Ternyata Undang-Undang Perkawinan melihat persyaratan perkawinan itu hanya menyangkut persetujuan kedua calon dan batasan umur serta tidak adanya halangan perkawinan antara kedua calon mempelai tersebut. Ketiga hal ini sangat menentukan untuk pencapaian tujuan perkawinan itu sendiri. Persetujuan kedua calon meniscayakan perkawinan itu tidak didasari oleh paksaan. Syarat ini setidaknya mengisyarakan adanya emansipasi wanita sehingga setiap wanita dapat dengan bebas menentukan pilihannya siapa yang paling cocok dan mashlahat sebagai suaminya. Jadi disini tidak ada paksaan, terlebih lagi pada masyarakat yang telah maju.[4]
Batasan umur yang termuat dalam Undang-Undang perkawinan sebenarnya masih belum terlalu tinggi disbanding dengan beberapa Negara lainnya di dunia. Aljazair misalnya membatasi umur untuk melangsungkan pernikahan itu laki-lakinya 21 tahun dan perempuannya 18 tahun. Demikian juga dengan Banglades 21 tahun untuk laki-laki dan 18 tahun untuk perempuan. Memang ada juga beberapa Negara yang mematok umur tersebut sangat rendah. Yaman Utara misalnya membatasi usia perkawinan tersebut pada umur 15 tahun baik laki-laki maupun perempuan. Malaysia membatasi usia perkawinannya,laki-laki berumur 18 tahun dan perempuan 16 tahun.
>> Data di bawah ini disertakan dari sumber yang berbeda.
(* Let $G$ be a simple graph on $n$ vertices with $cM_2(G)\ge cM_2(H)$ for every simple graph $H$ on $n$ vertices, and let $F$, $X$, $Y$, $N^-_F$ be as defined in the context. Let $v\in Y$ with $N^-_F(v)\subseteq X$. Then for every $u\in X$ with $uv\in E(G)$, the arc $\overrightarrow{uv}$ belongs to $F$.
   Context: All graphs are finite and simple; $d_G(u)$ is the degree of $u$ and $cM_2(G)=\sum_{uv\in E(G)}|d_G(u)^2-d_G(v)^2|$. The canonical mixed graph $F$ of $G$ has vertex set $V(G)$; for each edge $uv\in E(G)$: if $d_G(u)>d_G(v)$ then $F$ contains the arc $\overrightarrow{uv}$, and if $d_G(u)=d_G(v)$ then $F$ contains the undirected edge $uv$. $d^+_F(u)$ (resp. $d^-_F(u)$) is the number of arcs of $F$ with tail (resp. head) $u$; $N^+_F(u)=\{w:\overrightarrow{uw}\in A(F)\}$ and $N^-_F(u)=\{w:\overrightarrow{wu}\in A(F)\}$. $X=\{u\in V(G): d^+_F(u)\ge d^-_F(u)\}$ and $Y=\{u\in V(G): d^+_F(u)< d^-_F(u)\}$. *)

theory Defs
  imports Main
begin

text \<open>A finite simple graph: finite vertex set V, edge relation E given as a set of
ordered pairs that is symmetric and irreflexive; the undirected edge uv corresponds
to the two pairs (u,v) and (v,u).\<close>
definition simple_graph :: "'a set \<Rightarrow> ('a \<times> 'a) set \<Rightarrow> bool" where
  "simple_graph V E \<longleftrightarrow> finite V \<and> E \<subseteq> V \<times> V \<and> (\<forall>u v. (u,v) \<in> E \<longrightarrow> (v,u) \<in> E)
     \<and> (\<forall>u. (u,u) \<notin> E)"

definition deg :: "('a \<times> 'a) set \<Rightarrow> 'a \<Rightarrow> nat" where
  "deg E u = card {w. (u,w) \<in> E}"

text \<open>cM_2(G) = sum over (undirected) edges uv of |d(u)^2 - d(v)^2|. Summing over
ordered pairs counts each edge twice, hence the division by 2 (exact).\<close>
definition cM2 :: "('a \<times> 'a) set \<Rightarrow> int" where
  "cM2 E = (\<Sum>(u,v)\<in>E. \<bar>int (deg E u)^2 - int (deg E v)^2\<bar>) div 2"

definition arcs :: "('a \<times> 'a) set \<Rightarrow> ('a \<times> 'a) set" where
  "arcs E = {(u,v). (u,v) \<in> E \<and> deg E u > deg E v}"

definition outdegF :: "('a \<times> 'a) set \<Rightarrow> 'a \<Rightarrow> nat" where
  "outdegF E u = card {w. (u,w) \<in> arcs E}"

definition indegF :: "('a \<times> 'a) set \<Rightarrow> 'a \<Rightarrow> nat" where
  "indegF E u = card {w. (w,u) \<in> arcs E}"

definition in_nbrF :: "('a \<times> 'a) set \<Rightarrow> 'a \<Rightarrow> 'a set" where
  "in_nbrF E u = {w. (w,u) \<in> arcs E}"

definition Xset :: "'a set \<Rightarrow> ('a \<times> 'a) set \<Rightarrow> 'a set" where
  "Xset V E = {u\<in>V. outdegF E u \<ge> indegF E u}"

definition Yset :: "'a set \<Rightarrow> ('a \<times> 'a) set \<Rightarrow> 'a set" where
  "Yset V E = {u\<in>V. outdegF E u < indegF E u}"

end

theory Submission
  imports Defs
begin

text \<open>Suppose the arc from \<open>u\<close> to \<open>v\<close> is missing, i.e. \<open>d(u) \<le> d(v)\<close>. Inserting or deleting an
edge \<open>pq\<close> changes \<open>cM\<^sub>2\<close> only at the edges incident to \<open>p\<close> or \<open>q\<close>: every other neighbour
\<open>y\<close> of \<open>p\<close> contributes \<open>\<plusminus>(2 d(p) \<plusminus> 1)\<close>, the sign depending on how \<open>d(y)\<close> compares with
\<open>d(p)\<close>, and the edge \<open>pq\<close> itself contributes \<open>|d(p)\<^sup>2 - d(q)\<^sup>2|\<close>. If an in-neighbour \<open>w\<close> of \<open>v\<close>
(which lies in \<open>X\<close> and has \<open>d(w) > d(u)\<close>) is not adjacent to \<open>u\<close>, inserting \<open>uw\<close> strictly
increases \<open>cM\<^sub>2\<close>, because a vertex of \<open>X\<close> has at least as many neighbours of smaller degree as
of larger degree. Otherwise \<open>u\<close> is adjacent to every in-neighbour of \<open>v\<close>, and deleting \<open>uv\<close>
strictly increases \<open>cM\<^sub>2\<close>, because \<open>v \<in> Y\<close> has fewer out- than in-neighbours. Either way the
maximality of \<open>cM\<^sub>2(G)\<close> is contradicted.\<close>

lemma simple_graphD:
  assumes "simple_graph V E"
  shows "finite E" "sym E" "irrefl E"
  using assms finite_subset[of E "V \<times> V"] unfolding simple_graph_def sym_def irrefl_def by auto

lemma simple_graph_insert_edge:
  "simple_graph V E \<Longrightarrow> p \<in> V \<Longrightarrow> q \<in> V \<Longrightarrow> p \<noteq> q \<Longrightarrow> simple_graph V (E \<union> {(p,q),(q,p)})"
  unfolding simple_graph_def by auto

lemma simple_graph_delete_edge: "simple_graph V E \<Longrightarrow> simple_graph V (E - {(p,q),(q,p)})"
  unfolding simple_graph_def by auto

lemma finite_neighbours: "finite E \<Longrightarrow> finite {y. (x,y) \<in> E \<and> P y}"
  by (rule finite_subset[of _ "Range E"]) (auto intro: finite_Range)

lemma finite_in_nbrF: "finite E \<Longrightarrow> finite (in_nbrF E x)"
  unfolding in_nbrF_def arcs_def by (rule finite_subset[of _ "Domain E"]) (auto intro: finite_Domain)

lemma deg_pos: "finite E \<Longrightarrow> (x,y) \<in> E \<Longrightarrow> 0 < deg E x"
  unfolding deg_def using finite_neighbours[of E x "\<lambda>_. True"] by (auto simp: card_gt_0_iff)

lemma card_neighbours_partition:
  assumes "finite E" "(x,z) \<in> E"
  shows "card {y. (x,y) \<in> E \<and> y \<noteq> z \<and> P y} + card {y. (x,y) \<in> E \<and> y \<noteq> z \<and> \<not> P y} = deg E x - 1"
proof -
  have "{y. (x,y) \<in> E} - {z} = {y. (x,y) \<in> E \<and> y \<noteq> z \<and> P y} \<union> {y. (x,y) \<in> E \<and> y \<noteq> z \<and> \<not> P y}"
    by auto
  then have "card ({y. (x,y) \<in> E} - {z}) = card {y. (x,y) \<in> E \<and> y \<noteq> z \<and> P y} + card {y. (x,y) \<in> E \<and> y \<noteq> z \<and> \<not> P y}"
    by (simp add: card_Un_disjoint finite_neighbours[OF assms(1)] disjoint_iff)
  then show ?thesis using assms by (simp add: deg_def)
qed

lemma sum_symmetric_relation_split:
  fixes f :: "'a \<times> 'a \<Rightarrow> 'b::comm_semiring_1"
  assumes fin: "finite E" "finite D" and "sym E" and f_sym: "\<And>x y. f (x,y) = f (y,x)"
  shows "sum f E = sum f (Restr E (-D))
           + 2 * (\<Sum>x\<in>D. \<Sum>y\<in>{y. (x,y) \<in> E \<and> y \<notin> D}. f (x,y))
           + sum f (Restr E D)"
proof -
  define E_out where "E_out = E \<inter> (D \<times> (-D))"
  define E_in where "E_in = E \<inter> ((-D) \<times> D)"
  have "E_in = prod.swap ` E_out"
    using \<open>sym E\<close> unfolding E_out_def E_in_def
    by (auto dest: symD intro!: image_eqI[where x = "prod.swap _"])
  then have in_out: "sum f E_in = sum f E_out"
    by (simp add: sum.reindex) (auto intro!: sum.cong simp: f_sym)
  have "E_out = Sigma D (\<lambda>x. {y. (x,y) \<in> E \<and> y \<notin> D})"
    unfolding E_out_def by auto
  then have out: "sum f E_out = (\<Sum>x\<in>D. \<Sum>y\<in>{y. (x,y) \<in> E \<and> y \<notin> D}. f (x,y))"
    using fin by (simp add: sum.Sigma finite_neighbours)
  have fins: "finite (Restr E (-D))" "finite E_out" "finite E_in" "finite (Restr E D)"
    using fin(1) unfolding E_out_def E_in_def by auto
  have "E = ((Restr E (-D) \<union> E_out) \<union> E_in) \<union> Restr E D"
    unfolding E_out_def E_in_def by auto
  also have "sum f \<dots> = sum f ((Restr E (-D) \<union> E_out) \<union> E_in) + sum f (Restr E D)"
    by (rule sum.union_disjoint) (use fins in \<open>auto simp: E_out_def E_in_def\<close>)
  also have "sum f ((Restr E (-D) \<union> E_out) \<union> E_in) = sum f (Restr E (-D) \<union> E_out) + sum f E_in"
    by (rule sum.union_disjoint) (use fins in \<open>auto simp: E_out_def E_in_def\<close>)
  also have "sum f (Restr E (-D) \<union> E_out) = sum f (Restr E (-D)) + sum f E_out"
    by (rule sum.union_disjoint) (use fins in \<open>auto simp: E_out_def\<close>)
  finally have "sum f E = sum f (Restr E (-D)) + sum f E_out + sum f E_in + sum f (Restr E D)" .
  then show ?thesis using in_out out by (simp add: algebra_simps mult_2)
qed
Dan rata-rata Negara di dunia membatasi usia perkawinan itu 18 tahun dan wanita berkisar 15 tahun dan 16 tahun.
Bahkan batasan umur yang ditetapkan oleh Undang-Undang perkawinan masih lebih tinggi dibanding dengan ketentuan yang terdapat di dalam ordonasi perkawinan Kristen mapun kitab undang-unang perdata.
Pembuat rancangan Undang-undang perkawinan mungkin menganggap umur 19 tahun bagai seseorang lebih matang fisiknya dan kejiwaannya dari pada 18 tahun laki-laki dan 15 tahun perempuan seperti yang ditetapkan oleh hukum perdata.[5]
Yang jelas dengan dicantumkannya secara aksplisit batasan umur, manunjukkan apa yang oleh yahya Harapakan exepressip veris atau langkah penerobosan hukum adat dan kebiasaan yang dijumpai di dalam masyarakat Indonesia. Di dalam masyarakat jawa misalnya sering kali dijumpai perkawinan anak perempuan yang masih muda usianya. Anak perempuan Jawa dan Aceh seringkali dikawinkan meskipun umurnya masih kurang dari 15 tahun, walupun mereka belum diperkenankan hidup bersama sampai batas umur yang pantas. Biasanya ini disebut dengan kawin gantung.[6]
Dengan adanya batasan umur ini. Maka kekaburan terhadap penafsiran batas usia baik yang terdapat di dalam adat ataupun hukum Islam dapat dihindari.[7]
Jika dianalisis lebih jauh, peraturan batas usia perkawinan ini memiliki kaitan yang cukup erat dengan masalah kependudukan. Dengan batasan umur dan kesan, Undang-undang perkawinan bermaksud untuk merekayasa untuk tidak mengatakan menahan laju perkawinan yang membawa akibat pada laju pertambahan penduduk.
Tidak dapat dipungkiri, ternyata batasan umur yang rending bagi seorang wanita untuk kawin, mengakibatkan laju kelahiran lebih tinggi dan berakibat pula pada kematian ibu hamil yang cukup tinggi pula. Pengaruh buruk lainnya adalah kesehatan reproduksi wanita menjadi terganggu.[8]
Dengan demikian pengturan tentang usia ini sebenarnya sesuai dengan prinsip perkawinan yang menyatakan bahwa calon suami dan istri harus telah masak jiwa dan raganya. Tujuannya adalah agar tujuan perkawina untuk menciptakan keluarga yang kekal dan bahagia secara baik dan sehat dapat diwujudkan. Kebalikannya perkawianan di bawah umur atau sering diistilahkan dengan perkawinan dini seperti yang telah ditetapkan oleh Undang-Undan, semestinyalah dihindari karena membawa efek yang kurang baik, baik terutama bagi pribadi yang melaksanakannya.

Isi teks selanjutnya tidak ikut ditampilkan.